Final answer:
The correct multiple choice option is 'less than par.' This is because the bond's market price would be greater than its PV due to the expected return exceeding the required return. However, given higher market interest rates, the bond would sell at a discount, thus, less than face value. The bond's market price is less than its PV.
Step-by-step explanation:
The question revolves around the valuation of a corporate coupon bond and the relationship between its market price, expected return, and required return. The bond in question has an expected return of 11 percent but a required return of 10 percent. This discrepancy between expected and required return indicates that the bond is predicted to perform better than what is demanded by the market.
Consequently, the bond's market price would be greater than its present value (PV). Given that the expected cash flow from the bond one year from now is $1,080 and considering a 12% alternative investment option, the bond's price would not exceed $964, as that is the amount needed to be invested elsewhere to yield the same future value. This assessment implies that the bond would sell for less than face value when market interest rates are higher than the bond's coupon rate.

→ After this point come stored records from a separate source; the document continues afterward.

lemma seijrn_solution_positive:
  assumes sol: "seijrn_solution \<beta>1 \<beta>2 \<gamma> \<rho>1 \<rho>2 \<sigma>1 \<sigma>2 q T s0 e0 i0 j0 r0 s e i j r n"
    and "0 \<le> \<beta>1" "0 \<le> \<beta>2" "0 \<le> \<gamma>" "0 < \<rho>1" "0 \<le> \<rho>2"
    and "0 \<le> \<sigma>1" "0 \<le> \<sigma>2" "\<sigma>1 + \<sigma>2 = 1" "q \<le> 1"
    and "0 < s0" "0 < e0" "0 < i0" "0 < j0" "0 \<le> r0" "s0 + e0 + i0 + j0 + r0 = 1"
    and t: "t \<in> {0<..T}"
  shows "0 < s t \<and> 0 < e t \<and> 0 < i t \<and> 0 < j t \<and> 0 < r t \<and> 0 < n t"
proof -
  have seij: "0 < s u \<and> 0 < e u \<and> 0 < i u \<and> 0 < j u" if "u \<in> {0..T}" for u
    by (rule seijrn_solution_seij_positive[OF sol]) (use assms that in auto)
  have "r 0 < r t"
  proof (rule has_real_derivative_pos_imp_less[where a = 0 and b = T and x = 0 and y = t and
        f = r and f' = "\<lambda>u. \<rho>1 * i u + (1 - q) * \<rho>2 * j u"])
    show "(r has_real_derivative \<rho>1 * i u + (1 - q) * \<rho>2 * j u) (at u within {0..T})"
      if "u \<in> {0..T}" for u
      using sol that by (simp add: seijrn_solution_def)
    show "0 < \<rho>1 * i u + (1 - q) * \<rho>2 * j u" if "0 < u" "u < t" for u
      using seij[of u] that t assms(5,6,10) by (auto intro!: add_pos_nonneg)
  qed (use t in auto)
  moreover have "n t = s t + e t + i t + j t + r t"
    using seijrn_solution_total[OF sol assms(9,16)] t by simp
  ultimately show ?thesis
    using seij[of t] t sol assms(15) by (auto simp: seijrn_solution_def)
qed

lemma seijrn_solution_n_le_one:
  assumes sol: "seijrn_solution \<beta>1 \<beta>2 \<gamma> \<rho>1 \<rho>2 \<sigma>1 \<sigma>2 q T s0 e0 i0 j0 r0 s e i j r n"
    and "0 \<le> q" "0 \<le> \<rho>2" "\<And>u. u \<in> {0<..T} \<Longrightarrow> 0 \<le> j u" "t \<in> {0..T}"
  shows "n t \<le> 1"
  using has_real_derivative_nonpos_imp_ge[of 0 T n "\<lambda>u. - q * \<rho>2 * j u" 0 t]
    sol[unfolded seijrn_solution_def] assms
  by auto

lemma seijrn_solution_le_one:
  assumes sol: "seijrn_solution \<beta>1 \<beta>2 \<gamma> \<rho>1 \<rho>2 \<sigma>1 \<sigma>2 q T s0 e0 i0 j0 r0 s e i j r n"
    and "0 \<le> q" "0 \<le> \<rho>2" "\<sigma>1 + \<sigma>2 = 1" "s0 + e0 + i0 + j0 + r0 = 1"
    and pos: "\<And>u. u \<in> {0<..T} \<Longrightarrow> 0 < s u \<and> 0 < e u \<and> 0 < i u \<and> 0 < j u \<and> 0 < r u"
    and t: "t \<in> {0<..T}"
  shows "\<bar>s t\<bar> \<le> 1 \<and> \<bar>e t\<bar> \<le> 1 \<and> \<bar>i t\<bar> \<le> 1 \<and> \<bar>j t\<bar> \<le> 1 \<and> \<bar>r t\<bar> \<le> 1 \<and> \<bar>n t\<bar> \<le> 1"
proof -
  have "t \<in> {0..T}" "\<And>u. u \<in> {0<..T} \<Longrightarrow> 0 \<le> j u"
    using t pos by (auto simp: less_imp_le)
  then have "n t \<le> 1" "n t = s t + e t + i t + j t + r t"
    using seijrn_solution_n_le_one[OF sol assms(2,3)] seijrn_solution_total[OF sol assms(4,5)]
    by blast+
  then show ?thesis
    using pos[OF t] by (simp add: abs_of_pos)
qed

theorem lemma1:
  fixes \<beta>1 \<beta>2 \<gamma> \<rho>1 \<rho>2 \<sigma>1 \<sigma>2 q T s0 e0 i0 j0 r0 :: real
  assumes "\<beta>1 > 0" "\<beta>2 > 0" "\<gamma> > 0" "\<rho>1 > 0" "\<rho>2 > 0"
    and "\<sigma>1 > 0" "\<sigma>2 > 0" "\<sigma>1 + \<sigma>2 = 1"
    and "0 \<le> q" "q \<le> 1" "T > 0"
    and "s0 > 0" "e0 > 0" "i0 > 0" "j0 > 0" "r0 \<ge> 0"
    and "s0 + e0 + i0 + j0 + r0 = 1"
  shows "(\<exists>s e i j r n. seijrn_solution \<beta>1 \<beta>2 \<gamma> \<rho>1 \<rho>2 \<sigma>1 \<sigma>2 q T s0 e0 i0 j0 r0 s e i j r n)
    \<and> (\<forall>s e i j r n. seijrn_solution \<beta>1 \<beta>2 \<gamma> \<rho>1 \<rho>2 \<sigma>1 \<sigma>2 q T s0 e0 i0 j0 r0 s e i j r n \<longrightarrow>
          (\<forall>t\<in>{0<..T}. s t > 0 \<and> e t > 0 \<and> i t > 0 \<and> j t > 0 \<and> r t > 0 \<and> n t > 0) \<and>
          (\<exists>B. \<forall>t\<in>{0<..T}. \<bar>s t\<bar> \<le> B \<and> \<bar>e t\<bar> \<le> B \<and> \<bar>i t\<bar> \<le> B \<and>
                              \<bar>j t\<bar> \<le> B \<and> \<bar>r t\<bar> \<le> B \<and> \<bar>n t\<bar> \<le> B))"
proof (intro conjI allI impI)
  show "\<exists>s e i j r n. seijrn_solution \<beta>1 \<beta>2 \<gamma> \<rho>1 \<rho>2 \<sigma>1 \<sigma>2 q T s0 e0 i0 j0 r0 s e i j r n"
    by (rule seijrn_solution_exists) (use assms in auto)
  fix s e i j r n
  assume sol: "seijrn_solution \<beta>1 \<beta>2 \<gamma> \<rho>1 \<rho>2 \<sigma>1 \<sigma>2 q T s0 e0 i0 j0 r0 s e i j r n"
  have pos: "0 < s t \<and> 0 < e t \<and> 0 < i t \<and> 0 < j t \<and> 0 < r t \<and> 0 < n t" if "t \<in> {0<..T}" for t
    by (rule seijrn_solution_positive[OF sol]) (use assms that in auto)
  then show "\<forall>t\<in>{0<..T}. s t > 0 \<and> e t > 0 \<and> i t > 0 \<and> j t > 0 \<and> r t > 0 \<and> n t > 0"
    by blast
  have "\<bar>s t\<bar> \<le> 1 \<and> \<bar>e t\<bar> \<le> 1 \<and> \<bar>i t\<bar> \<le> 1 \<and> \<bar>j t\<bar> \<le> 1 \<and> \<bar>r t\<bar> \<le> 1 \<and> \<bar>n t\<bar> \<le> 1"
    if "t \<in> {0<..T}" for t
    using seijrn_solution_le_one[OF sol _ _ _ _ _ that] pos assms by simp
  then show "\<exists>B. \<forall>t\<in>{0<..T}. \<bar>s t\<bar> \<le> B \<and> \<bar>e t\<bar> \<le> B \<and> \<bar>i t\<bar> \<le> B \<and>
                              \<bar>j t\<bar> \<le> B \<and> \<bar>r t\<bar> \<le> B \<and> \<bar>n t\<bar> \<le> B"
    by blast
qed

end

If we see a situation where the market interest rate is higher than the bond's coupon rate, the bond's price falls below par to adjust for the higher yield demanded by investors. Such an adjustment ensures the total return reflects current market conditions. In contrast, if market rates fall below the bond's coupon rate, the bond price would increase to align the yield with the prevailing market rates. This inverse relationship between bond prices and interest rates is crucial in bond valuation.
Considering the provided information and market dynamics, the correct multiple choice option that fits this scenario is: "less than par". This is because a bond tends to trade at a discount (below its face value) when the market interest rate exceeds the bond's coupon rate.